Он не ответил. Консуэло села напротив него, с интересом уставившись ему в лицо.
– Ты полюбил ее?
– внезапно спросила она.
– Что?
– Алонсо почувствовал, что глупеет.
– Ты полюбил ее, и это тебе мешает быть со мной в постели, верно?
– пояснила Консуэло.
– Не знаю, - пробормотал он.
– В таком случае, знаю я, - изрекла Консуэло.
– Потому что ты даже не спросил, кого я имею в виду. А это для меня и есть доказательство того, что ты ее полюбил!
Алонсо вздохнул.
– Да, я понимаю, про кого ты говоришь, - признался он.
– Но разве люди влюбляются в тех, кто старше их на двадцать с лишним лет? Разве можно полюбить мать своего друга? Это же безумие!
Он тоже сел.
– Ты слишком мало знаешь людей, если считаешь, что для их чувств существуют такие преграды, - голос у Консуэло был нежный и немного печальный.
– Люди влюбляются в кого угодно и во что угодно.
Эта фраза почему-то рассмешила Алонсо.
– Хорошо, что ты не обижаешься, - проговорил он.
– Я не только не обижаюсь. Я рада за тебя. А она тебя любит?
Алонсо пожал плечами.
– Не знаю. Вряд ли она даже думает о такой возможности.

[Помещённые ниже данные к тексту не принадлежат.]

(* Let $f:[0,1]\times[0,1]\to\mathbb{R}$ be convex on the coordinates. Then \begin{align*} &\frac{1}{4}\int_0^1 \Big[f\Big(x,\tfrac{1}{4}\Big) + f\Big(x,\tfrac{3}{4}\Big)\Big]dx + \frac{1}{4}\int_0^1 \Big[f\Big(\tfrac{1}{4},y\Big) + f\Big(\tfrac{3}{4},y\Big)\Big]dy\\ &\leq \int_0^1\int_0^1 f(x, y)\,dx\,dy\\ &\leq \frac{1}{8}\int_0^1 \big[f(x,0) + f(x,1)\big]dx + \frac{1}{8}\int_0^1 \big[f(0,y) + f(1,y)\big]dy +\frac{1}{4}\int_0^1 f\Big(x,\tfrac{1}{2}\Big)dx+\frac{1}{4}\int_0^1 f\Big(\tfrac{1}{2},y\Big)dy. \end{align*}
   Context: A function $f:[a,b]\times[c,d]\to\mathbb{R}$ is called convex on the coordinates if for every $y\in[c,d]$ the partial map $u\mapsto f(u,y)$ is convex on $[a,b]$, and for every $x\in[a,b]$ the partial map $v\mapsto f(x,v)$ is convex on $[c,d]$. *)

theory Defs
  imports "HOL-Analysis.Analysis"
begin

definition convex_on_coordinates ::
  "real \<Rightarrow> real \<Rightarrow> real \<Rightarrow> real \<Rightarrow> (real \<Rightarrow> real \<Rightarrow> real) \<Rightarrow> bool" where
  "convex_on_coordinates a b c d f \<longleftrightarrow>
     (\<forall>y\<in>{c..d}. convex_on {a..b} (\<lambda>u. f u y)) \<and>
     (\<forall>x\<in>{a..b}. convex_on {c..d} (\<lambda>v. f x v))"

end

theory Submission
  imports Defs
begin

text \<open>Integrating the coordinatewise convex function in one variable gives a convex function
  of the other, and integrating pointwise inequalities preserves them. So it suffices to apply
  the Hermite--Hadamard inequalities, on each half of the interval, to \<open>y \<mapsto> \<integral> f(x,y) dx\<close>
  and to the partial maps \<open>u \<mapsto> f(u,y)\<close>, and to average the two resulting estimates.\<close>

lemma convex_on_midpoint_le_reflect:
  fixes g :: "real \<Rightarrow> real"
  assumes "convex_on {a..b} g" "x \<in> {a..b}"
  shows "2 * g ((a + b) / 2) \<le> g x + g (a + b - x)"
proof -
  have mid: "(1 - 1/2) *\<^sub>R x + (1/2) *\<^sub>R (a + b - x) = (a + b) / 2"
    by (simp add: field_simps)
  have "g ((a + b) / 2) \<le> (1 - 1/2) * g x + (1/2) * g (a + b - x)"
    using convex_onD[OF assms(1), of "1/2" x "a + b - x"] assms(2) unfolding mid by auto
  then show ?thesis by simp
qed

lemma convex_on_reflect_le_endpoints:
  fixes g :: "real \<Rightarrow> real"
  assumes "convex_on {a..b} g" "x \<in> {a..b}"
  shows "g x + g (a + b - x) \<le> g a + g b"
proof (cases "a < b")
  case True
  have "g x \<le> (g b - g a) / (b - a) * (x - a) + g a"
    using convex_onD_Icc'[OF assms] by simp
  moreover have "g (a + b - x) \<le> (g b - g a) / (b - a) * (b - x) + g a"
    using convex_onD_Icc'[OF assms(1), of "a + b - x"] assms(2) by simp
  moreover have "(g b - g a) / (b - a) * (x - a) + (g b - g a) / (b - a) * (b - x)
      = (g b - g a) / (b - a) * (b - a)"
    by (simp only: distrib_left [symmetric]) simp
  moreover have "(g b - g a) / (b - a) * (b - a) = g b - g a"
    using True by simp
  ultimately show ?thesis by linarith
next
  case False
  with assms(2) have "x = a" "b = a" by auto
  then show ?thesis by simp
qed

lemma convex_on_abs_le_Icc:
  fixes g :: "real \<Rightarrow> real"
  assumes "convex_on {a..b} g" "x \<in> {a..b}"
  shows "\<bar>g x\<bar> \<le> \<bar>2 * g ((a + b) / 2)\<bar> + \<bar>g a\<bar> + \<bar>g b\<bar>"
proof -
  have "a + b - x \<in> {a..b}" using assms(2) by auto
  then have "g x \<le> max (g a) (g b)" "g (a + b - x) \<le> max (g a) (g b)"
    using convex_on_le_max[OF assms(1)] assms(2) by auto
  with convex_on_midpoint_le_reflect[OF assms] show ?thesis by linarith
qed

lemma convex_on_integrable_Icc:
  fixes g :: "real \<Rightarrow> real"
  assumes "convex_on {a..b} g"
  shows "g integrable_on {a..b}"
proof -
  \<comment> \<open>\<open>g\<close> may jump at the endpoints; it is continuous inside and bounded by the previous lemma.\<close>
  have "continuous_on {a<..<b} g"
    by (rule convex_on_continuous) (auto intro: convex_on_subset[OF assms])
  then have "g \<in> borel_measurable (lebesgue_on {a<..<b})"
    by (rule continuous_imp_measurable_on_sets_lebesgue) auto
  then have "g integrable_on {a<..<b}"
    by (rule measurable_bounded_by_integrable_imp_integrable_real)
       (auto simp: integrable_on_open_interval_real intro!: convex_on_abs_le_Icc[OF assms])
  then show ?thesis by (simp add: integrable_on_open_interval_real)
qed

lemma has_integral_reflect_Icc:
  fixes g :: "real \<Rightarrow> real"
  assumes "g integrable_on {a..b}" "a \<le> b"
  shows "((\<lambda>x. g (a + b - x)) has_integral integral {a..b} g) {a..b}"
proof -
  have "(g has_integral integral {a..b} g) (cbox a b)"
    using assms(1) by (simp add: integrable_integral)
  from has_integral_affinity[OF this, of "-1" "a + b"]
  have "((\<lambda>x. g (- x + (a + b))) has_integral integral {a..b} g) ((\<lambda>x. - x + (a + b)) ` {a..b})"
    by simp
  moreover have "(\<lambda>x. - x + (a + b)) ` {a..b} = {a..b}"
    using image_affinity_atLeastAtMost[of "-1" "a + b" a b] assms(2) by simp
  ultimately show ?thesis by (simp add: algebra_simps)
qed

lemma hermite_hadamard:
  fixes g :: "real \<Rightarrow> real"
  assumes g: "convex_on {a..b} g" and "a \<le> b"
  shows "(b - a) * g ((a + b) / 2) \<le> integral {a..b} g"
    and "integral {a..b} g \<le> (b - a) * (g a + g b) / 2"
proof -
  have int: "g integrable_on {a..b}"
    using g by (rule convex_on_integrable_Icc)
  have sym: "((\<lambda>x. g x + g (a + b - x)) has_integral 2 * integral {a..b} g) {a..b}"
    using has_integral_add[OF integrable_integral[OF int] has_integral_reflect_Icc[OF int \<open>a \<le> b\<close>]]
    by simp
  have "((\<lambda>x. 2 * g ((a + b) / 2)) has_integral (b - a) * (2 * g ((a + b) / 2))) {a..b}"
    using has_integral_const_real[of "2 * g ((a + b) / 2)" a b] \<open>a \<le> b\<close> by simp
  from has_integral_le[OF this sym] convex_on_midpoint_le_reflect[OF g]
  show "(b - a) * g ((a + b) / 2) \<le> integral {a..b} g" by simp
  have "((\<lambda>x. g a + g b) has_integral (b - a) * (g a + g b)) {a..b}"
    using has_integral_const_real[of "g a + g b" a b] \<open>a \<le> b\<close> by simp
  from has_integral_le[OF sym this] convex_on_reflect_le_endpoints[OF g]
  show "integral {a..b} g \<le> (b - a) * (g a + g b) / 2" by simp
qed

lemma hermite_hadamard_bisected:
  fixes g :: "real \<Rightarrow> real"
  assumes g: "convex_on {a..b} g" and "a \<le> b"
  shows "(b - a) / 2 * (g ((3 * a + b) / 4) + g ((a + 3 * b) / 4)) \<le> integral {a..b} g"
    and "integral {a..b} g \<le> (b - a) / 4 * (g a + g b) + (b - a) / 2 * g ((a + b) / 2)"
proof -
  define m where "m = (a + b) / 2"
  have am: "a \<le> m" and mb: "m \<le> b" using \<open>a \<le> b\<close> by (auto simp: m_def)
  have left: "convex_on {a..m} g" and right: "convex_on {m..b} g"
    using am mb by (auto intro: convex_on_subset[OF g])
  have split: "integral {a..m} g + integral {m..b} g = integral {a..b} g"
    using Henstock_Kurzweil_Integration.integral_combine[OF am mb convex_on_integrable_Icc[OF g]] .
  have quarters: "(a + m) / 2 = (3 * a + b) / 4" "(m + b) / 2 = (a + 3 * b) / 4"
    and halves: "m - a = (b - a) / 2" "b - m = (b - a) / 2"
    by (simp_all add: m_def field_simps)
  show "(b - a) / 2 * (g ((3 * a + b) / 4) + g ((a + 3 * b) / 4)) \<le> integral {a..b} g"
    using hermite_hadamard(1)[OF left am] hermite_hadamard(1)[OF right mb] split
    unfolding quarters halves by (simp add: distrib_left)
  have "integral {a..b} g \<le> (b - a) * (g a + g m) / 4 + (b - a) * (g m + g b) / 4"
    using hermite_hadamard(2)[OF left am] hermite_hadamard(2)[OF right mb] split
    unfolding halves by simp
  then show "integral {a..b} g \<le> (b - a) / 4 * (g a + g b) + (b - a) / 2 * g ((a + b) / 2)"
    unfolding m_def by (simp add: field_simps)
qed

lemma convex_on_integral_parametric:
  fixes f :: "'a::euclidean_space \<Rightarrow> 'b::real_vector \<Rightarrow> real"
  assumes "convex S"
    and int: "\<And>y. y \<in> S \<Longrightarrow> (\<lambda>x. f x y) integrable_on I"
    and conv: "\<And>x. x \<in> I \<Longrightarrow> convex_on S (f x)"
  shows "convex_on S (\<lambda>y. integral I (\<lambda>x. f x y))"
proof (rule convex_onI[OF _ \<open>convex S\<close>])
  fix t :: real and y1 y2
  assume t: "0 < t" "t < 1" and y: "y1 \<in> S" "y2 \<in> S"
  have "(1 - t) *\<^sub>R y1 + t *\<^sub>R y2 \<in> S"
    using convexD[OF \<open>convex S\<close> y] t by simp
  moreover have int1: "(\<lambda>x. (1 - t) * f x y1) integrable_on I"
    and int2: "(\<lambda>x. t * f x y2) integrable_on I"
    using int y by (auto intro: integrable_on_mult_right)
  ultimately have "integral I (\<lambda>x. f x ((1 - t) *\<^sub>R y1 + t *\<^sub>R y2))
      \<le> integral I (\<lambda>x. (1 - t) * f x y1 + t * f x y2)"
    using convex_onD[OF conv, of _ t y1 y2] t y
    by (intro integral_le int integrable_add) auto
  also have "\<dots> = (1 - t) * integral I (\<lambda>x. f x y1) + t * integral I (\<lambda>x. f x y2)"
    using int1 int2 by (simp add: integral_add)
  finally show "integral I (\<lambda>x. f x ((1 - t) *\<^sub>R y1 + t *\<^sub>R y2))
      \<le> (1 - t) * integral I (\<lambda>x. f x y1) + t * integral I (\<lambda>x. f x y2)" .
qed

theorem corollary1:
  fixes f :: "real \<Rightarrow> real \<Rightarrow> real"
  assumes "convex_on_coordinates 0 1 0 1 f"
  shows "(1/4) * integral {0..1} (\<lambda>x. f x (1/4) + f x (3/4))
           + (1/4) * integral {0..1} (\<lambda>y. f (1/4) y + f (3/4) y)
         \<le> integral {0..1} (\<lambda>y. integral {0..1} (\<lambda>x. f x y))
       \<and> integral {0..1} (\<lambda>y. integral {0..1} (\<lambda>x. f x y))
         \<le> (1/8) * integral {0..1} (\<lambda>x. f x 0 + f x 1)
           + (1/8) * integral {0..1} (\<lambda>y. f 0 y + f 1 y)
           + (1/4) * integral {0..1} (\<lambda>x. f x (1/2))
           + (1/4) * integral {0..1} (\<lambda>y. f (1/2) y)"
proof -
  have conv_x: "\<And>y. y \<in> {0..1} \<Longrightarrow> convex_on {0..1} (\<lambda>u. f u y)"
    and conv_y: "\<And>x. x \<in> {0..1} \<Longrightarrow> convex_on {0..1} (f x)"
    using assms unfolding convex_on_coordinates_def by auto
  note int_x = convex_on_integrable_Icc[OF conv_x] and int_y = convex_on_integrable_Icc[OF conv_y]
  define F where "F y = integral {0..1} (\<lambda>x. f x y)" for y
  have F_convex: "convex_on {0..1} F"
    unfolding F_def by (rule convex_on_integral_parametric) (auto intro: int_x conv_y)
  note F_int = convex_on_integrable_Icc[OF F_convex, unfolded F_def]
  from hermite_hadamard_bisected[OF F_convex] have outer:
    "(F (1/4) + F (3/4)) / 2 \<le> integral {0..1} F"
    "integral {0..1} F \<le> (F 0 + F 1) / 4 + F (1/2) / 2"
    by simp_all
  have inner_lower: "integral {0..1} (\<lambda>y. (1/2) * (f (1/4) y + f (3/4) y)) \<le> integral {0..1} F"
    using hermite_hadamard_bisected(1)[OF conv_x] unfolding F_def
    by (intro integral_le integrable_on_mult_right integrable_add int_y F_int) simp_all
  have inner_upper: "integral {0..1} F
      \<le> integral {0..1} (\<lambda>y. (1/4) * (f 0 y + f 1 y) + (1/2) * f (1/2) y)"
    using hermite_hadamard_bisected(2)[OF conv_x] unfolding F_def
    by (intro integral_le integrable_on_mult_right integrable_add int_y F_int) simp_all
  have "integral {0..1} (\<lambda>y. integral {0..1} (\<lambda>x. f x y)) = integral {0..1} F"
    unfolding F_def ..
  then show ?thesis
    using outer inner_lower inner_upper
    by (simp add: F_def integral_add integrable_add integrable_on_mult_right int_x int_y)
       (simp add: field_simps)
qed

end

Это ведь я сумасшедший. Она-то нормальный человек.
– Из того, что ты о ней говорил раньше, я заключила, что она человек весьма незаурядный. Теперь ты противоречишь себе, называя ее "нормальной".
Алонсо улыбнулся.
– Я за тебя рада, - повторила Консуэло.
– Может быть, и я когда-нибудь встречу свою любовь...
– Неужели ты этого хочешь?!
– он был безмерно удивлен.
– Мне всегда казалось, что для тебя свобода важнее всего.
– Молодость не вечна, - медленно произнесла Консуэло, глядя куда-то мимо собеседника.
– Когда-нибудь вокруг меня больше не будет поклонников. А быть одной не хочется. Вообще-то, Алонсо, я сама не знаю, чего я хочу. Давай, не будем об этом, ладно?
–
Глава 12
–
Но, узнанные, торопясь отречься
От лиц своих, спешите вы туда,
Где произносят гибельные речи
И вянут венценосные года.
Бланш Ла-Сурс
Странность некоторых помещений состояла в том, что за отделявшими их от берега стенами не было слышно постоянного, немолчного, вечно изменчивого шума моря. И тогда по внезапно наступившей тишине вошедший вдруг понимал, что еще мгновение назад в его ушах раздавался этот звук. Гул прибоя всегда был настолько близок, настолько вездесущ, что люди, находившиеся здесь уже более четырех месяцев, порой переставали воспринимать его, осознавая его присутствие лишь тогда, когда он вдруг исчезал.